A report in the journal Nature stated that researchers also discovered that the increase in mutations is due to a precise form of natural selection.
Some mutations have a competitive advantage during sperm production in the testes, along with the constant accumulation of random changes in DNA as men age.
The researchers found that in 81 healthy volunteers, about two percent of sperm in men in their early 30s carried disease-causing mutations, compared with three to five percent of sperm in men aged 43 to 74 years, and 4.5 percent of sperm in men aged 75 years.
The researchers pointed out that some mutations have previously been associated with cell growth and development, while others are associated with severe neurodevelopmental disorders in children and the risk of hereditary cancer.
Others may impair fertilization and embryo development or lead to pregnancy loss, they said.
“Some changes in the DNA not only persist, but grow inside the testicles, meaning that fathers who give birth later in life may be unknowingly more likely to pass on a harmful mutation to their children,” Matt Hurles, a professor at the Wellcome Sanger Institute in Hinxton, England, said in a statement.
In a complementary study that included more than 54,000 parents and their children and 800,000 healthy people, also published in Nature, some researchers analyzed mutations that were actually transmitted to children, rather than those that were measured directly in sperm.
They identified more than 30 genetic factors where mutations give sperm cells a competitive advantage through natural selection, including many linked to rare developmental disorders and cancer.
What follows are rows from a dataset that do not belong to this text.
(* Let $p_{kl}=(p^1_{kl},p^2_{kl})$ and $c_{kl}=(c^1_{kl},c^2_{kl})$ be two parallel nets in the plane $\mathbb{R}^2$ with the same index set. They are Christoffel dual if and only if there is a collection of real numbers $h_{kl}$ such that for any adjacent vertices $c_{kl}$ and $c_{k'l'}$, $$h_{kl}-h_{k'l'}=(c^1_{kl}-c^1_{k'l'})\,p^2_{kl}-(c^2_{kl}-c^2_{k'l'})\,p^1_{kl}.$$
   Context: Here a (planar) net is a collection of points indexed by $(k,l)$ with $0\le k\le a$, $0\le l\le b$, whose faces are the (labeled, not necessarily convex) quadrilaterals $(k,l),(k+1,l),(k+1,l+1),(k,l+1)$; vertices are adjacent if their indices differ by $1$ in exactly one coordinate, and edges join adjacent vertices. Two nets are parallel if corresponding edges are parallel. Two labeled quadrilaterals $ABCD$ and $A'B'C'D'$ are dual if $AB\parallel A'B'$, $BC\parallel B'C'$, $CD\parallel C'D'$, $DA\parallel D'A'$, $AC\parallel B'D'$, $BD\parallel A'C'$. Two nets are Christoffel dual if their corresponding faces are dual. *)

theory Defs
  imports Main "HOL.Real"
begin

type_synonym point = "real \<times> real"

text \<open>A net indexed by (k,l), 0 <= k <= a, 0 <= l <= b, is a map nat => nat => point
  (values outside the index range are irrelevant).\<close>
type_synonym net = "nat \<Rightarrow> nat \<Rightarrow> point"

definition par :: "point \<Rightarrow> point \<Rightarrow> point \<Rightarrow> point \<Rightarrow> bool" where
  "par P Q P' Q' \<longleftrightarrow>
     (fst Q - fst P) * (snd Q' - snd P') - (snd Q - snd P) * (fst Q' - fst P') = 0"

definition dual_quad :: "point \<Rightarrow> point \<Rightarrow> point \<Rightarrow> point \<Rightarrow>
                         point \<Rightarrow> point \<Rightarrow> point \<Rightarrow> point \<Rightarrow> bool" where
  "dual_quad A B C D A' B' C' D' \<longleftrightarrow>
     par A B A' B' \<and> par B C B' C' \<and> par C D C' D' \<and> par D A D' A' \<and>
     par A C B' D' \<and> par B D A' C'"

definition adjacent :: "nat \<Rightarrow> nat \<Rightarrow> nat \<times> nat \<Rightarrow> nat \<times> nat \<Rightarrow> bool" where
  "adjacent a b v w \<longleftrightarrow>
     fst v \<le> a \<and> snd v \<le> b \<and> fst w \<le> a \<and> snd w \<le> b \<and>
     ((snd v = snd w \<and> (fst w = fst v + 1 \<or> fst v = fst w + 1)) \<or>
      (fst v = fst w \<and> (snd w = snd v + 1 \<or> snd v = snd w + 1)))"

definition parallel_nets :: "nat \<Rightarrow> nat \<Rightarrow> net \<Rightarrow> net \<Rightarrow> bool" where
  "parallel_nets a b p c \<longleftrightarrow>
     (\<forall>v w. adjacent a b v w \<longrightarrow>
        par (p (fst v) (snd v)) (p (fst w) (snd w)) (c (fst v) (snd v)) (c (fst w) (snd w)))"

definition christoffel_dual :: "nat \<Rightarrow> nat \<Rightarrow> net \<Rightarrow> net \<Rightarrow> bool" where
  "christoffel_dual a b p c \<longleftrightarrow>
     (\<forall>k l. k < a \<and> l < b \<longrightarrow>
        dual_quad (p k l) (p (k+1) l) (p (k+1) (l+1)) (p k (l+1))
                  (c k l) (c (k+1) l) (c (k+1) (l+1)) (c k (l+1)))"

end

theory Submission
  imports Defs
begin

text \<open>Write \<open>x \<times> y\<close> for the planar cross product and \<open>\<omega>(v, w) = (c\<^sub>v - c\<^sub>w) \<times> p\<^sub>v\<close>
  for an oriented edge \<open>(v, w)\<close>; the function \<open>h\<close> is a potential of \<open>\<omega>\<close>.
  Since \<open>\<omega>(v, w) + \<omega>(w, v) = (c\<^sub>v - c\<^sub>w) \<times> (p\<^sub>v - p\<^sub>w)\<close>, parallel edges make \<open>\<omega>\<close>
  antisymmetric. On a face \<open>ABCD\<close>/\<open>abcd\<close> with parallel edges, the circulation of \<open>\<omega>\<close> equals
  \<open>(C - A) \<times> (d - b)\<close> and also \<open>(B - D) \<times> (c - a)\<close>, modulo edge terms that vanish, so the
  face is dual iff \<open>\<omega>\<close> is closed around it. Finally, on a rectangular grid every closed
  antisymmetric edge function is exact: integrate along the bottom row and then up the columns.\<close>

definition edge_form :: "point \<Rightarrow> point \<Rightarrow> point \<Rightarrow> real" where
  "edge_form P x y = (fst x - fst y) * snd P - (snd x - snd y) * fst P"

definition quad_circulation :: "point \<Rightarrow> point \<Rightarrow> point \<Rightarrow> point \<Rightarrow>
                                point \<Rightarrow> point \<Rightarrow> point \<Rightarrow> point \<Rightarrow> real" where
  "quad_circulation A B C D a b c d =
     edge_form A a b + edge_form B b c + edge_form C c d + edge_form D d a"

lemma edge_form_antisym:
  assumes "par P Q x y"
  shows "edge_form Q y x = - edge_form P x y"
  using assms unfolding par_def edge_form_def by algebra

lemma dual_quad_iff_circulation:
  assumes "par A B a b" "par B C b c" "par C D c d" "par D A d a"
  shows "dual_quad A B C D a b c d \<longleftrightarrow> quad_circulation A B C D a b c d = 0"
proof -
  have "quad_circulation A B C D a b c d =
      ((fst C - fst A) * (snd d - snd b) - (snd C - snd A) * (fst d - fst b))
    - ((fst C - fst B) * (snd c - snd b) - (snd C - snd B) * (fst c - fst b))
    - ((fst A - fst D) * (snd a - snd d) - (snd A - snd D) * (fst a - fst d))"
  and "quad_circulation A B C D a b c d =
    - ((fst D - fst B) * (snd c - snd a) - (snd D - snd B) * (fst c - fst a))
    - ((fst B - fst A) * (snd b - snd a) - (snd B - snd A) * (fst b - fst a))
    - ((fst D - fst C) * (snd d - snd c) - (snd D - snd C) * (fst d - fst c))"
    unfolding quad_circulation_def edge_form_def by (simp_all add: algebra_simps)
  with assms show ?thesis
    unfolding dual_quad_def par_def by auto
qed

definition face_circulation :: "(nat \<Rightarrow> nat \<Rightarrow> nat \<Rightarrow> nat \<Rightarrow> 'a::ab_group_add) \<Rightarrow> nat \<Rightarrow> nat \<Rightarrow> 'a" where
  "face_circulation \<omega> k l =
     \<omega> k l (k+1) l + \<omega> (k+1) l (k+1) (l+1) + \<omega> (k+1) (l+1) k (l+1) + \<omega> k (l+1) k l"

lemma adjacent_face_edges:
  assumes "k < a" "l < b"
  shows "adjacent a b (k, l) (k+1, l)" "adjacent a b (k+1, l) (k+1, l+1)"
    "adjacent a b (k+1, l+1) (k, l+1)" "adjacent a b (k, l+1) (k, l)"
  using assms unfolding adjacent_def by auto

lemma adjacent_cases:
  assumes "adjacent a b (k, l) (k', l')"
  obtains "l' = l" "k' = k + 1" "k < a" "l \<le> b"
    | "l' = l" "k = k' + 1" "k' < a" "l \<le> b"
    | "k' = k" "l' = l + 1"
    | "k' = k" "l = l' + 1"
  using assms unfolding adjacent_def by auto

lemma grid_exact_imp_closed:
  fixes \<omega> :: "nat \<Rightarrow> nat \<Rightarrow> nat \<Rightarrow> nat \<Rightarrow> 'a::ab_group_add"
  assumes exact: "\<And>k l k' l'. adjacent a b (k, l) (k', l') \<Longrightarrow> h k l - h k' l' = \<omega> k l k' l'"
    and "k < a" "l < b"
  shows "face_circulation \<omega> k l = 0"
proof -
  note edges = adjacent_face_edges[OF \<open>k < a\<close> \<open>l < b\<close>, THEN exact]
  have "face_circulation \<omega> k l = (h k l - h (k+1) l) + (h (k+1) l - h (k+1) (l+1))
      + (h (k+1) (l+1) - h k (l+1)) + (h k (l+1) - h k l)"
    unfolding face_circulation_def edges ..
  also have "\<dots> = 0"
    by simp
  finally show ?thesis .
qed

lemma grid_closed_imp_exact:
  fixes \<omega> :: "nat \<Rightarrow> nat \<Rightarrow> nat \<Rightarrow> nat \<Rightarrow> 'a::ab_group_add"
  assumes antisym: "\<And>k l k' l'. adjacent a b (k, l) (k', l') \<Longrightarrow> \<omega> k' l' k l = - \<omega> k l k' l'"
    and closed: "\<And>k l. k < a \<Longrightarrow> l < b \<Longrightarrow> face_circulation \<omega> k l = 0"
  obtains h where "\<And>k l k' l'. adjacent a b (k, l) (k', l') \<Longrightarrow> h k l - h k' l' = \<omega> k l k' l'"
proof
  define h where "h k l = (\<Sum>i<k. \<omega> (i+1) 0 i 0) + (\<Sum>j<l. \<omega> k (j+1) k j)" for k l
  have vertical: "h k (l+1) - h k l = \<omega> k (l+1) k l" for k l
    unfolding h_def by simp
  have horizontal: "h (k+1) l - h k l = \<omega> (k+1) l k l" if "k < a" "l \<le> b" for k l
    using that
  proof (induction l)
    case 0
    then show ?case unfolding h_def by simp
  next
    case (Suc l)
    have "h (k+1) (l+1) - h k (l+1) = (h (k+1) (l+1) - h (k+1) l) + (h (k+1) l - h k l) - (h k (l+1) - h k l)"
      by simp
    also have "\<dots> = \<omega> (k+1) (l+1) (k+1) l + \<omega> (k+1) l k l - \<omega> k (l+1) k l"
      using vertical Suc by simp
    also have "\<dots> = \<omega> (k+1) (l+1) k (l+1)"
    proof -
      have "\<omega> (k+1) (l+1) k (l+1) = - \<omega> k l (k+1) l - \<omega> (k+1) l (k+1) (l+1) - \<omega> k (l+1) k l"
        using closed[of k l] Suc.prems unfolding face_circulation_def
        by (simp add: algebra_simps eq_neg_iff_add_eq_0 flip: diff_eq_eq)
      moreover have "\<omega> (k+1) l k l = - \<omega> k l (k+1) l"
        "\<omega> (k+1) (l+1) (k+1) l = - \<omega> (k+1) l (k+1) (l+1)"
        using adjacent_face_edges(1,2)[of k a l b, THEN antisym] Suc.prems by auto
      ultimately show ?thesis
        by (simp add: algebra_simps)
    qed
    finally show ?case by simp
  qed
  fix k l k' l'
  assume adj: "adjacent a b (k, l) (k', l')"
  then show "h k l - h k' l' = \<omega> k l k' l'"
  proof (cases rule: adjacent_cases)
    case 1
    then show ?thesis using horizontal[of k l] antisym[OF adj] by (simp add: algebra_simps)
  next
    case 2
    then show ?thesis using horizontal[of k' l] by simp
  next
    case 3
    then show ?thesis using vertical[of k l] antisym[OF adj] by (simp add: algebra_simps)
  next
    case 4
    then show ?thesis using vertical[of k l'] by simp
  qed
qed

theorem lemma7:
  fixes a b :: nat and p c :: net
  assumes "parallel_nets a b p c"
  shows "christoffel_dual a b p c \<longleftrightarrow>
    (\<exists>h :: nat \<Rightarrow> nat \<Rightarrow> real. \<forall>k l k' l'. adjacent a b (k, l) (k', l') \<longrightarrow>
       h k l - h k' l' =
         (fst (c k l) - fst (c k' l')) * snd (p k l) - (snd (c k l) - snd (c k' l')) * fst (p k l))"
proof -
  define \<omega> where "\<omega> k l k' l' = edge_form (p k l) (c k l) (c k' l')" for k l k' l'
  have edge_par: "par (p k l) (p k' l') (c k l) (c k' l')" if "adjacent a b (k, l) (k', l')" for k l k' l'
    using assms that unfolding parallel_nets_def by (metis fst_conv snd_conv)
  have antisym: "\<omega> k' l' k l = - \<omega> k l k' l'" if "adjacent a b (k, l) (k', l')" for k l k' l'
    unfolding \<omega>_def using edge_form_antisym[OF edge_par[OF that]] .
  have face_dual_iff: "dual_quad (p k l) (p (k+1) l) (p (k+1) (l+1)) (p k (l+1))
      (c k l) (c (k+1) l) (c (k+1) (l+1)) (c k (l+1)) \<longleftrightarrow> face_circulation \<omega> k l = 0"
    if "k < a" "l < b" for k l
    using dual_quad_iff_circulation[OF adjacent_face_edges[OF that, THEN edge_par]]
    unfolding face_circulation_def quad_circulation_def \<omega>_def by simp
  have "christoffel_dual a b p c \<longleftrightarrow> (\<forall>k l. k < a \<and> l < b \<longrightarrow> face_circulation \<omega> k l = 0)"
    unfolding christoffel_dual_def using face_dual_iff by blast
  also have "\<dots> \<longleftrightarrow> (\<exists>h. \<forall>k l k' l'. adjacent a b (k, l) (k', l') \<longrightarrow> h k l - h k' l' = \<omega> k l k' l')"
  proof
    assume "\<forall>k l. k < a \<and> l < b \<longrightarrow> face_circulation \<omega> k l = 0"
    then obtain h where "\<And>k l k' l'. adjacent a b (k, l) (k', l') \<Longrightarrow> h k l - h k' l' = \<omega> k l k' l'"
      using grid_closed_imp_exact[of a b \<omega>] antisym by blast
    then show "\<exists>h. \<forall>k l k' l'. adjacent a b (k, l) (k', l') \<longrightarrow> h k l - h k' l' = \<omega> k l k' l'"
      by blast
  qed (use grid_exact_imp_closed in blast)
  finally show ?thesis
    unfolding \<omega>_def edge_form_def .
qed

end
Many of these mutations overlap with the array of genetic factors detected directly in sperm.
The researchers explained that this research work highlights how natural selection within sperm is directly observed in children’s DNA, which increases the possibility of them inheriting some genetic disorders.
According to Hurls, who participated in preparing the two studies, “Our findings reveal the presence of a hidden genetic risk that increases with the father’s age.”